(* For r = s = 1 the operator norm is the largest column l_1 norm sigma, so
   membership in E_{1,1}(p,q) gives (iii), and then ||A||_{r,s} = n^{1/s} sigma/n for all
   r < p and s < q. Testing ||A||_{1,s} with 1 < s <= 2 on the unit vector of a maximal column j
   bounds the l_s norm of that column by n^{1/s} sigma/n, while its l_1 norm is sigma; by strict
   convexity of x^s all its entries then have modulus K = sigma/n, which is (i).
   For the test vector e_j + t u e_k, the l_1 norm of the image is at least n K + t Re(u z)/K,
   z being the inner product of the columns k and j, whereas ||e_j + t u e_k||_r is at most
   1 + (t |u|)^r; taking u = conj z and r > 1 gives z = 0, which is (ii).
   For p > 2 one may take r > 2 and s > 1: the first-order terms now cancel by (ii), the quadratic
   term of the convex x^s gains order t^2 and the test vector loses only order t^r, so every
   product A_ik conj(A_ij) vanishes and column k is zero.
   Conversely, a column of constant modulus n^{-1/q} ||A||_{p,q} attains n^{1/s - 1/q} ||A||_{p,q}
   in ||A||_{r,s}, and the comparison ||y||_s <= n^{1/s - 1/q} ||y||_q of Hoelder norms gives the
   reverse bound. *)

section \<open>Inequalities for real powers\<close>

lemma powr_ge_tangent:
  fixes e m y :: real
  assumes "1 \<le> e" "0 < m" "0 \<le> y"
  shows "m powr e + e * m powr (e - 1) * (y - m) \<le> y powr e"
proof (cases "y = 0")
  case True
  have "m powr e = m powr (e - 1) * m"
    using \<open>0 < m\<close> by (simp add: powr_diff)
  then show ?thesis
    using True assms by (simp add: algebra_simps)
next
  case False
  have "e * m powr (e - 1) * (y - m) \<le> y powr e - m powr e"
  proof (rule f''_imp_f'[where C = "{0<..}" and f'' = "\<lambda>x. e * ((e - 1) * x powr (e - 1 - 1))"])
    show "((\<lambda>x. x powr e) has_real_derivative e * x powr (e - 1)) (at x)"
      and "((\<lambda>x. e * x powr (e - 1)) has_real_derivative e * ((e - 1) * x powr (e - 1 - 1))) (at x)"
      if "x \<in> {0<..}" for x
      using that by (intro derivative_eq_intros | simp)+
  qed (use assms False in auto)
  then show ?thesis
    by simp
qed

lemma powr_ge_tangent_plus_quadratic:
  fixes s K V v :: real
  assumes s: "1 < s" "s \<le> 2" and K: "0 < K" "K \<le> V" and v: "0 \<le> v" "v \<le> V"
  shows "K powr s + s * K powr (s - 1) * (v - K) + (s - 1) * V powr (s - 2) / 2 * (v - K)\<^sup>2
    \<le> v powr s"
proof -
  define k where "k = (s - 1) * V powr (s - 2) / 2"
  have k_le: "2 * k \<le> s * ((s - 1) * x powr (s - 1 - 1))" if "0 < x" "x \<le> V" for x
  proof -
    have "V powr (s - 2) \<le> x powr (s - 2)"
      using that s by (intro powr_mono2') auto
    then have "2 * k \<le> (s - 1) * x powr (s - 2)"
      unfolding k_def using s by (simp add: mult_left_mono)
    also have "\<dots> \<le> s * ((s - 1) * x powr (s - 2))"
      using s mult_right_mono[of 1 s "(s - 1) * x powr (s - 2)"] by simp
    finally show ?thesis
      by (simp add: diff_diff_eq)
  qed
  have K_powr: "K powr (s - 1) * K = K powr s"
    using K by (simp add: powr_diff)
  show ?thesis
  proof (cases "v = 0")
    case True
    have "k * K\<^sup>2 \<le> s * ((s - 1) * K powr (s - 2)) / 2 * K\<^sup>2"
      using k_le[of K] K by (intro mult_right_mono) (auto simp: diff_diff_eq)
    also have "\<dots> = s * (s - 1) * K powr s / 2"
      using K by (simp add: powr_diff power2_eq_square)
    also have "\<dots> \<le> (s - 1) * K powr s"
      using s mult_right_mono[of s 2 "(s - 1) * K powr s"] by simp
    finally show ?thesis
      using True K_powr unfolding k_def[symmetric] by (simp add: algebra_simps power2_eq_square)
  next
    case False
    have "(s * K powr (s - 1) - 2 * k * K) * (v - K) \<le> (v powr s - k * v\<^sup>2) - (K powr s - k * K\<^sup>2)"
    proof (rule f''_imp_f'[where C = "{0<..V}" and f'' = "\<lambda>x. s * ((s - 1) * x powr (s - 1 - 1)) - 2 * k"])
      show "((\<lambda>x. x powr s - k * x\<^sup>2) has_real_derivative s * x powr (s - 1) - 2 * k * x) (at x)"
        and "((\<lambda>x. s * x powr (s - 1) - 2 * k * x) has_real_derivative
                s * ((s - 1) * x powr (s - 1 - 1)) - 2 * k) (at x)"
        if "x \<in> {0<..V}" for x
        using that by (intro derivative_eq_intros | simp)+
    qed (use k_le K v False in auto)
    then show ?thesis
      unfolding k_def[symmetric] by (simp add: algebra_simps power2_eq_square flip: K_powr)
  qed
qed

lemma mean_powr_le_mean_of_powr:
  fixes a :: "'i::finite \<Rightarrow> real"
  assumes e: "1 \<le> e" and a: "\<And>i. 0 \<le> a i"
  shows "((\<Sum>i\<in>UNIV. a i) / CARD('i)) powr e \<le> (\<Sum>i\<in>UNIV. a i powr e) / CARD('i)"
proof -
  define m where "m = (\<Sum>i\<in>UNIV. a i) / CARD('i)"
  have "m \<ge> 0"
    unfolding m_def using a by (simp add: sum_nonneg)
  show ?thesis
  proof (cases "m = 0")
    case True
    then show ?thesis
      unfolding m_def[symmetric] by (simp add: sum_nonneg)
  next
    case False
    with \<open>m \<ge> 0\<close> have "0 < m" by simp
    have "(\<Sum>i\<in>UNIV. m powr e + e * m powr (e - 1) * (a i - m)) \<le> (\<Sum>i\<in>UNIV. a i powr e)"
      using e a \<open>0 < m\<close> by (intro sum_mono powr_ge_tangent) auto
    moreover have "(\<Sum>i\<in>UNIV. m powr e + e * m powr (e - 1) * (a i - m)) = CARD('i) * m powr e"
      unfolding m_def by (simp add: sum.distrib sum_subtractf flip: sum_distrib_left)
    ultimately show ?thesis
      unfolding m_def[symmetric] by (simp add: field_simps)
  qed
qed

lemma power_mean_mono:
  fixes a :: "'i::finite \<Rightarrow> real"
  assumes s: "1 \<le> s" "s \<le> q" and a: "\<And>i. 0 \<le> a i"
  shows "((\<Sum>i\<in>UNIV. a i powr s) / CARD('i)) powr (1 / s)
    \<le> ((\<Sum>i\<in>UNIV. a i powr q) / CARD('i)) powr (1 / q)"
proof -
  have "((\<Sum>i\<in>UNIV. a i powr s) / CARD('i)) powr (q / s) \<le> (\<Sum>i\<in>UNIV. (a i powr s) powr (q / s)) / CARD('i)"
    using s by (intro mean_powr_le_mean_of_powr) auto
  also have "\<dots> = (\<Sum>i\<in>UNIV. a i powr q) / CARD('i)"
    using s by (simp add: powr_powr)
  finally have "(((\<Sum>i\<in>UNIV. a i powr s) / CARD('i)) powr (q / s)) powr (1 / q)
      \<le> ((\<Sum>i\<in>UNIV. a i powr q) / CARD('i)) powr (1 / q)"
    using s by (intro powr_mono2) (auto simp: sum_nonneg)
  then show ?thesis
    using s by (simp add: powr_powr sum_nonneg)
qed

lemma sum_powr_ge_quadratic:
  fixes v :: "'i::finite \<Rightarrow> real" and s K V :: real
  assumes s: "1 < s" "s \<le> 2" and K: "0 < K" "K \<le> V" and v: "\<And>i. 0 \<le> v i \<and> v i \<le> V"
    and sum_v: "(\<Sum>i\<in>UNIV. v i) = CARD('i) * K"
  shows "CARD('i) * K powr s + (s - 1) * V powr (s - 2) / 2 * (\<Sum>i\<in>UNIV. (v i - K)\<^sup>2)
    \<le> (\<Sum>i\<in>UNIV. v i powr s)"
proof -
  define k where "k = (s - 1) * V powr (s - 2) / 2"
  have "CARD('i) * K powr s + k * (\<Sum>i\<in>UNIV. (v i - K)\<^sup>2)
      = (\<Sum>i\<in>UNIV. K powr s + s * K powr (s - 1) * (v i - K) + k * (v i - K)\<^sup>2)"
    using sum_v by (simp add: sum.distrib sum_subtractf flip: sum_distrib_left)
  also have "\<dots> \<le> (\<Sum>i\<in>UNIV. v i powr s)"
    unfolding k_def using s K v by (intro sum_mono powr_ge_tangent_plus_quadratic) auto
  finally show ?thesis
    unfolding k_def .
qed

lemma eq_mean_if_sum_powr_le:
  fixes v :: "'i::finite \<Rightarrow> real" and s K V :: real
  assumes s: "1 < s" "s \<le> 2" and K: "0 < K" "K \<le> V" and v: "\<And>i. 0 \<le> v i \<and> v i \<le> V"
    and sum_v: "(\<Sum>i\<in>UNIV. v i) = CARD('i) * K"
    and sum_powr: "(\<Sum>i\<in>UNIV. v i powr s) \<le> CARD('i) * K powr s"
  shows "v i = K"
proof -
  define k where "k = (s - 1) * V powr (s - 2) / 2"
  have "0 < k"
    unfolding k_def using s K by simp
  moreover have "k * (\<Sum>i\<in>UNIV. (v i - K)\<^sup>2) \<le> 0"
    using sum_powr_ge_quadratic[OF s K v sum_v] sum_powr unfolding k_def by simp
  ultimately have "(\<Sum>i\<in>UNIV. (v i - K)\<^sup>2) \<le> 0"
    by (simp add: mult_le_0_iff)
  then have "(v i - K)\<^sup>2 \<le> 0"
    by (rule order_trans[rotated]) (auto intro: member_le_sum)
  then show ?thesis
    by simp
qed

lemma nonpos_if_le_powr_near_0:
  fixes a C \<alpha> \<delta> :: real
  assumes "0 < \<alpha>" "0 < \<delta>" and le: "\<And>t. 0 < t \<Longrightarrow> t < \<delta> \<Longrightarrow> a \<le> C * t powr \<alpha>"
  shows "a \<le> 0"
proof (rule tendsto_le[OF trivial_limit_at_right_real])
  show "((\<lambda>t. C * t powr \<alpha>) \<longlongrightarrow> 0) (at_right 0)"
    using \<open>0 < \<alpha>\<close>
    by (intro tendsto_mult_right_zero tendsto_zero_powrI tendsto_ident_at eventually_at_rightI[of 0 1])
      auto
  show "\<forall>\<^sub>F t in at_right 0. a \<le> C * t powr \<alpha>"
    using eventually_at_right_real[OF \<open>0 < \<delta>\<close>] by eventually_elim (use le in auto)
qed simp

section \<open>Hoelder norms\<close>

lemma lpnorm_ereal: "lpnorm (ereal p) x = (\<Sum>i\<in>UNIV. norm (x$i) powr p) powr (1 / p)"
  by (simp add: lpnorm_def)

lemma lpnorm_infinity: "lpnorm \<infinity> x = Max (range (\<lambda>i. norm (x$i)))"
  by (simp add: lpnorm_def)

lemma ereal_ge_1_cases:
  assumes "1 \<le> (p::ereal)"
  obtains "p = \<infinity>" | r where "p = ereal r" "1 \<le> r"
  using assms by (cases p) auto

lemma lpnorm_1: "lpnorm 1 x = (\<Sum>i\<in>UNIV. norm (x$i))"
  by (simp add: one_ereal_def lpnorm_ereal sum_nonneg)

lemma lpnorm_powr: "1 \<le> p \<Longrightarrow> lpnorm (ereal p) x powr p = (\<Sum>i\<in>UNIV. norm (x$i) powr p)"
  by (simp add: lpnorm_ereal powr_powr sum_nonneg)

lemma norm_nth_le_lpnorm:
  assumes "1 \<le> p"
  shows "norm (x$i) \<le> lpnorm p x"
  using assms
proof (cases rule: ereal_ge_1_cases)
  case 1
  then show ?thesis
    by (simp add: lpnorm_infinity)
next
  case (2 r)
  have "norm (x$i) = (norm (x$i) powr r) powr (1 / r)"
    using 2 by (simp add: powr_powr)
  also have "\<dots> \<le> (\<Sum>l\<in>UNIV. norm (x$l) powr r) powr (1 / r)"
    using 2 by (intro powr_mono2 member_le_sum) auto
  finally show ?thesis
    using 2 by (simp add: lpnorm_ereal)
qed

§ EXERCISE DESCRIPTION
Take the entries above and return only the lines from the one with "using sum_v by" to the one with "fixes a C \<alpha> \<delta> :: real", both included, unchanged.

§ EXERCISE OUTPUT
    using sum_v by (simp add: sum.distrib sum_subtractf flip: sum_distrib_left)
  also have "\<dots> \<le> (\<Sum>i\<in>UNIV. v i powr s)"
    unfolding k_def using s K v by (intro sum_mono powr_ge_tangent_plus_quadratic) auto
  finally show ?thesis
    unfolding k_def .
qed

lemma eq_mean_if_sum_powr_le:
  fixes v :: "'i::finite \<Rightarrow> real" and s K V :: real
  assumes s: "1 < s" "s \<le> 2" and K: "0 < K" "K \<le> V" and v: "\<And>i. 0 \<le> v i \<and> v i \<le> V"
    and sum_v: "(\<Sum>i\<in>UNIV. v i) = CARD('i) * K"
    and sum_powr: "(\<Sum>i\<in>UNIV. v i powr s) \<le> CARD('i) * K powr s"
  shows "v i = K"
proof -
  define k where "k = (s - 1) * V powr (s - 2) / 2"
  have "0 < k"
    unfolding k_def using s K by simp
  moreover have "k * (\<Sum>i\<in>UNIV. (v i - K)\<^sup>2) \<le> 0"
    using sum_powr_ge_quadratic[OF s K v sum_v] sum_powr unfolding k_def by simp
  ultimately have "(\<Sum>i\<in>UNIV. (v i - K)\<^sup>2) \<le> 0"
    by (simp add: mult_le_0_iff)
  then have "(v i - K)\<^sup>2 \<le> 0"
    by (rule order_trans[rotated]) (auto intro: member_le_sum)
  then show ?thesis
    by simp
qed

lemma nonpos_if_le_powr_near_0:
  fixes a C \<alpha> \<delta> :: real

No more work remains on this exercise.